I'm so afraid of this kind of commitment that I don't even want to title these posts as napowrimo.

It's much too late, and I'm much too tired, and I fear that will be most evident here. 

We are more than one-third through NaPoWriMo. If you feel like you’ve started to make things up (two parts desperation, one part coffee grinds), then Carolee Sherwood’s prompt for Day 12 will play into your hand.  Make up a secret code. Begin by writing a few nonsense sentences, like “The raindrops tap out a cry for help” or “The dandelions are saying all at once, ‘You are overwhelmed.’” The formula is easy: come up with a message and assign it to something unlikely. Remember, of course, that inanimate objects can speak and that signs and symbols may be nonverbal.  Once you have a few sentences, select the one that is most intriguing to you and use it to start a poem.

Well, I went with the code idea.  Can't get much more code than text-speak.
 

Top Secret: And Some of It’s True

The child in the restaurant
drawing on the kids’ menu
drew, not a house or a horse, or mommy or dog,
but an iPod,
yes,
complete with apps.

And she held it up
for her mommy to see;
proud mommy of a child
of the twenty-first century.

And the drawing of iPod said,
“OMG, lady, WTH must you stare?”

“IDK,” I spat back, “WTF do you care?
I straddle the centuries;
I’m a teacher, you know;
I can play your code game
and you know it fo sho.”

“LMAO,” iPoddy-mouth said,
“FWIW, though, to me you’re
over the hill, like, half dead.”

“OFFS,” I retorted,
with a roll of my I,
“GTG, bcuz IMHO,
ur the NME now,
so don’t even try.”

“^URS, lady.

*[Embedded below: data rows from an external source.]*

text \<open>
  For fixed \<open>\<xi>\<close>, multiplication by \<open>\<phi>(t)\<close> is a convolution in \<open>\<tau>\<close> with \<open>\<phi>h\<close>, so after
  the shift \<open>\<tau> \<mapsto> \<tau> - \<xi>\<^sup>3\<close> it suffices to bound \<open>|\<phi>h| * f\<close> in \<open>L\<^sup>2(\<langle>\<tau>\<rangle>\<^bsup>2b\<^esup>)\<close> by
  \<open>f\<close> in \<open>L\<^sup>2(\<langle>\<sigma>\<rangle>)\<close>. Since \<open>\<langle>\<tau>\<rangle>\<^bsup>b\<^esup>\<close> is at most a constant times \<open>\<langle>\<sigma>\<rangle>\<^bsup>b\<^esup>\<close> where
  \<open>|\<tau>| < 2|\<sigma>|\<close> and times \<open>\<langle>\<tau> - \<sigma>\<rangle>\<^bsup>b\<^esup>\<close> where \<open>|\<sigma>| \<le> |\<tau> - \<sigma>|\<close>, the weighted
  convolution splits into two kernels: \<open>|\<phi>h(\<tau> - \<sigma>)| \<langle>\<sigma>\<rangle>\<^bsup>b-1/2\<^esup>\<close>, bounded on \<open>L\<^sup>2\<close> by
  the Schur test, and \<open>|\<phi>h(\<tau> - \<sigma>)| \<langle>\<tau> - \<sigma>\<rangle>\<^bsup>b\<^esup> \<langle>\<sigma>\<rangle>\<^bsup>-1/2\<^esup>\<close>, which is Hilbert--Schmidt.
  Choosing \<open>b < \<beta> < 1/2\<close>, Cauchy--Schwarz reduces both bounds to
  \<open>\<integral> \<langle>u\<rangle>\<^bsup>2\<beta>\<^esup> |\<phi>h u|\<^sup>2 < \<infinity>\<close> and \<open>\<integral> \<langle>u\<rangle>\<^bsup>2b-1-2\<beta>\<^esup> < \<infinity>\<close>.
\<close>

lemma jbr_ge_1: "1 \<le> jbr x"
  unfolding jbr_def by simp
(* Let $\mathbf A$ be a finite nilpotent algebra with a Malcev term. Then $\mathrm{nuP}_{\mathbf A}\subseteq\mathsf{CC}^0$.
   Context: A finite algebra has finite universe and finitely many basic operations. An $n$-ary circuit over $\mathbf A$ is a DAG with one output node, sources labelled by variables or constants from $A$, gates labelled by basic operations; size is nodes plus edges. A NuDFA over $\mathbf A$ is $(\{t_n\}_{n\ge1},\iota,S)$ with $t_n$ an $n$-ary circuit, $\iota:\{0,1\}\to A$, $S\subseteq A$, accepting $b\in\{0,1\}^n$ iff $t_n(\iota(b_1),\dots,\iota(b_n))\in S$; polynomial size means size of $t_n$ polynomial in $n$; $\mathrm{nuP}_{\mathbf A}$ is the class of languages over $\{0,1\}$ accepted by polynomial-size NuDFAs over $\mathbf A$. A Malcev term is a ternary term $d$ with $d(x,y,y)=d(y,y,x)=x$; nilpotency is in the sense of commutator theory. $\mathsf{CC}^0$ is the class of languages recognized by families of polynomial-size constant-depth circuits built from $\mathrm{MOD}_m$ gates of unbounded fan-in for some fixed $m$, where a $\mathrm{MOD}_m$ gate with accepting set $T\subseteq\mathbb Z_m$ outputs 1 iff the sum of its Boolean inputs modulo $m$ lies in $T$. *)

theory Defs
  imports Main
begin
(* Let $M\ge1$ and let $\mathbf a$ and $\mathbf b$ be distinct words in $\mathcal A_M$ such that $J_{\mathbf b}\subset J_{\mathbf a}$. Then there is a word $\mathbf c\in\mathcal A_1$ such that $\mathbf b=\mathbf a\circ\mathbf c$.
   Context: Order and word operations. Words over $\{0,\dots,M\}$ and sequences in $\Omega_M=\{0,\dots,M\}^{\mathbb N}$ are ordered lexicographically; for words, $\mathbf c\prec\mathbf d$ iff $\mathbf c0^\infty\prec\mathbf d0^\infty$. For a word $c_1\dots c_k$: - if $c_k<M$, then $c_1\dots c_k^+=c_1\dots c_{k-1}(c_k+1)$; - $\overline{c_1\dots c_k}=(M-c_1)\dots(M-c_k)$. Quasi-greedy expansion. For $q\in(1,M+1]$, $\alpha(q)$ is the lexicographically largest sequence in $\Omega_M$ not ending in $0^\infty$ with $\sum\alpha_i(q)q^{-i}=1$. Fundamental words. A word $a_1\dots a_m$ ($m\ge2$) is fundamental if $\overline{a_1\dots a_{m-i}}\preceq a_{i+1}\dots a_m\prec a_1\dots a_{m-i}$ for $1\le i<m$. When $M\ge2$, a letter $a_1$ is fundamental if $M-a_1\le a_1<M$. $\mathcal A_M$ is the set of fundamental words, and $\mathcal A_1$ is the case $M=1$ (such words begin with $1$). Fundamental intervals. For $\mathbf a\in\mathcal A_M$, $J_{\mathbf a}=[q_L(\mathbf a),q_R(\mathbf a)]$, where $\alpha(q_L(\mathbf a))=\mathbf a^\infty$ and $\alpha(q_R(\mathbf a))=\mathbf a^+(\overline{\mathbf a})^\infty$. The graph. Let $G$ have vertices Start, $A$, $B$ and edges - $e_0$: Start$\to A$, - $e_1$: $A\to B$, - $e_2$: $B\to B$, - $e_3$: $B\to A$, - $e_4$: $A\to A$. It carries two labelings: - $\mathcal L_{\mathbf a}$: $e_0,e_3\mapsto\mathbf a^+$; $e_1\mapsto\overline{\mathbf a^+}$; $e_2\mapsto\mathbf a$; $e_4\mapsto\overline{\mathbf a}$; - $\mathcal L^*$: $e_0,e_3,e_4\mapsto1$; $e_1,e_2\mapsto0$. Composition. For a path $e_{i_1}\dots e_{i_k}$ with $i_1=0$, let $\Phi_{\mathbf a}$ map the block word $\mathcal L_{\mathbf a}(e_{i_1})\cdots\mathcal L_{\mathbf a}(e_{i_k})$ to $\mathcal L^*(e_{i_1}\dots e_{i_k})$. For $\mathbf c\in\mathcal A_1$, $\mathbf a\circ\mathbf c:=\Phi_{\mathbf a}^{-1}(\mathbf c)$ is the unique such block word with image $\mathbf c$. *)

theory Defs
  imports Complex_Main
begin

text \<open>Sequences in Omega_M are functions nat => nat (index 0 = first digit);
words are nat lists.\<close>

definition in_Omega :: "nat \<Rightarrow> (nat \<Rightarrow> nat) \<Rightarrow> bool" where
  "in_Omega M s \<longleftrightarrow> (\<forall>i. s i \<le> M)"

definition seq_less :: "(nat \<Rightarrow> nat) \<Rightarrow> (nat \<Rightarrow> nat) \<Rightarrow> bool" where
  "seq_less s t \<longleftrightarrow> (\<exists>n. (\<forall>i<n. s i = t i) \<and> s n < t n)"

definition seq_le :: "(nat \<Rightarrow> nat) \<Rightarrow> (nat \<Rightarrow> nat) \<Rightarrow> bool" where
  "seq_le s t \<longleftrightarrow> s = t \<or> seq_less s t"

definition pad0 :: "nat list \<Rightarrow> nat \<Rightarrow> nat" where
  "pad0 c = (\<lambda>i. if i < length c then c ! i else 0)"

definition word_less :: "nat list \<Rightarrow> nat list \<Rightarrow> bool" where
  "word_less c d \<longleftrightarrow> seq_less (pad0 c) (pad0 d)"

definition word_le :: "nat list \<Rightarrow> nat list \<Rightarrow> bool" where
  "word_le c d \<longleftrightarrow> seq_le (pad0 c) (pad0 d)"

definition word_plus :: "nat list \<Rightarrow> nat list" where
  "word_plus c = butlast c @ [last c + 1]"

definition word_bar :: "nat \<Rightarrow> nat list \<Rightarrow> nat list" where
  "word_bar M c = map (\<lambda>x. M - x) c"

text \<open>c^\<infinity> for a nonempty word c\<close>
definition per :: "nat list \<Rightarrow> nat \<Rightarrow> nat" where
  "per c = (\<lambda>i. c ! (i mod length c))"

definition prefix_per :: "nat list \<Rightarrow> nat list \<Rightarrow> nat \<Rightarrow> nat" where
  "prefix_per u v = (\<lambda>i. if i < length u then u ! i else per v (i - length u))"

definition not_ending_0 :: "(nat \<Rightarrow> nat) \<Rightarrow> bool" where
  "not_ending_0 s \<longleftrightarrow> (\<forall>n. \<exists>i\<ge>n. s i \<noteq> 0)"

definition expands_one :: "real \<Rightarrow> (nat \<Rightarrow> nat) \<Rightarrow> bool" where
  "expands_one q s \<longleftrightarrow> (\<lambda>i. real (s i) / q ^ Suc i) sums 1"

definition is_quasi_greedy :: "nat \<Rightarrow> real \<Rightarrow> (nat \<Rightarrow> nat) \<Rightarrow> bool" where
  "is_quasi_greedy M q s \<longleftrightarrow>
     in_Omega M s \<and> not_ending_0 s \<and> expands_one q s \<and>
     (\<forall>t. in_Omega M t \<and> not_ending_0 t \<and> expands_one q t \<longrightarrow> seq_le t s)"

definition alpha :: "nat \<Rightarrow> real \<Rightarrow> (nat \<Rightarrow> nat)" where
  "alpha M q = (THE s. is_quasi_greedy M q s)"

definition fundamental :: "nat \<Rightarrow> nat list \<Rightarrow> bool" where
  "fundamental M a \<longleftrightarrow> set a \<subseteq> {0..M} \<and>
     ((length a \<ge> 2 \<and>
       (\<forall>i. 1 \<le> i \<and> i < length a \<longrightarrow>
          word_le (word_bar M (take (length a - i) a)) (drop i a) \<and>
          word_less (drop i a) (take (length a - i) a)))
      \<or> (M \<ge> 2 \<and> length a = 1 \<and> M - a ! 0 \<le> a ! 0 \<and> a ! 0 < M))"
lemma max_GB_on_sublevel_eq_max_on_level:
  assumes xinc: "\<forall>i\<in>{1..N-1}. x i < x (Suc i)" and N2: "N \<ge> 2"
    and wv: "\<forall>j\<in>{1..N-1}. 0 \<le> wv j" and wc: "D \<le> (\<Sum>j=1..N-1. wc j)" and "0 \<le> D"
  shows "\<exists>M. is_max_val {r \<in> {x 1..x N}. dotp (N-1) wc (GB x N r) \<le> D}
                        (\<lambda>r. dotp (N-1) wv (GB x N r)) M
           \<and> is_max_val {r \<in> {x 1..x N}. dotp (N-1) wc (GB x N r) = D}
                        (\<lambda>r. dotp (N-1) wv (GB x N r)) M"
proof -
  have val_eq: "ramp_comb x N w r = dotp (N-1) w (GB x N r)" if "r \<in> {x 1..x N}" for w r
    using dotp_GB_eq_ramp_comb[OF xinc N2 that] by simp
  have cont: "continuous_on {x 1..x N} (\<lambda>r. dotp (N-1) w (GB x N r))" for w
    using continuous_on_ramp_comb[OF continuous_on_id] val_eq by (rule continuous_on_eq)
  show ?thesis
  proof (rule max_on_sublevel_eq_max_on_level[OF compact_Icc cont cont])
    have "x 1 \<le> x N" using breakpoints_mono[OF xinc, of 1 N] N2 by simp
    then show x1: "x 1 \<in> {x 1..x N}" by simp
    show "dotp (N-1) wc (GB x N (x 1)) \<le> D"
      using val_eq[OF x1, of wc] ramp_comb_at_first_breakpoint[OF xinc, of wc] \<open>0 \<le> D\<close> by simp
    fix r assume r: "r \<in> {x 1..x N}" "dotp (N-1) wc (GB x N r) \<le> D"
    then have "ramp_comb x N wc r \<le> D" using val_eq[OF r(1)] by simp
    then obtain s where s: "s \<in> {x 1..x N}" "ramp_comb x N wc s = D"
        "ramp_comb x N wv r \<le> ramp_comb x N wv s"
      using ramp_comb_raise[OF xinc wv wc r(1)] by blast
    then show "\<exists>s\<in>{x 1..x N}. dotp (N-1) wc (GB x N s) = D \<and>
        dotp (N-1) wv (GB x N r) \<le> dotp (N-1) wv (GB x N s)"
      using val_eq[OF r(1)] val_eq[OF s(1)] by auto
  qed
qed

lemma compact_Fset: "compact (Fset x N)"
proof -
  have "Fset x N = ({x 1..x N} \<times> {x 1..x N} \<times> {0..1}) \<inter> {z. fst z \<le> fst (snd z)}"
    unfolding Fset_def by auto
  moreover have "closed {z :: real \<times> real \<times> real. fst z \<le> fst (snd z)}"
    by (intro closed_Collect_le continuous_intros)
  ultimately show ?thesis by (simp add: compact_Int_closed compact_Times)
qed

definition lottery_value :: "(nat \<Rightarrow> real) \<Rightarrow> nat \<Rightarrow> (nat \<Rightarrow> real) \<Rightarrow> real \<times> real \<times> real \<Rightarrow> real" where
  "lottery_value x N w = (\<lambda>(r\<^sub>1, r\<^sub>3, p). (1 - p) * ramp_comb x N w r\<^sub>1 + p * ramp_comb x N w r\<^sub>3)"

lemma continuous_on_lottery_value: "continuous_on S (lottery_value x N w)"
  unfolding lottery_value_def case_prod_beta by (intro continuous_intros continuous_on_id)

lemma dotp_GA_eq_lottery_value:
  assumes "\<forall>i\<in>{1..N-1}. x i < x (Suc i)" "N \<ge> 2" "z \<in> Fset x N"
  shows "(\<lambda>(r\<^sub>1, r\<^sub>3, p). dotp (N-1) w (GA x N r\<^sub>1 r\<^sub>3 p)) z = lottery_value x N w z"
  using assms dotp_GA_eq_ramp_comb[OF assms(1,2)] unfolding Fset_def lottery_value_def by auto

CU in BFE.”

“I’ll BRT. (What a huge SOB.)”

Sunday, April 11, 2010

I'm so afraid of this kind of commitment that I don't even want to title these posts as napowrimo.

So many ways to go on this prompt.  I tried two different directions (forks in the road).  I'm not happy with where I ended up with either, but it'll be food for ongoing thought.  I guess good prompts are like that. 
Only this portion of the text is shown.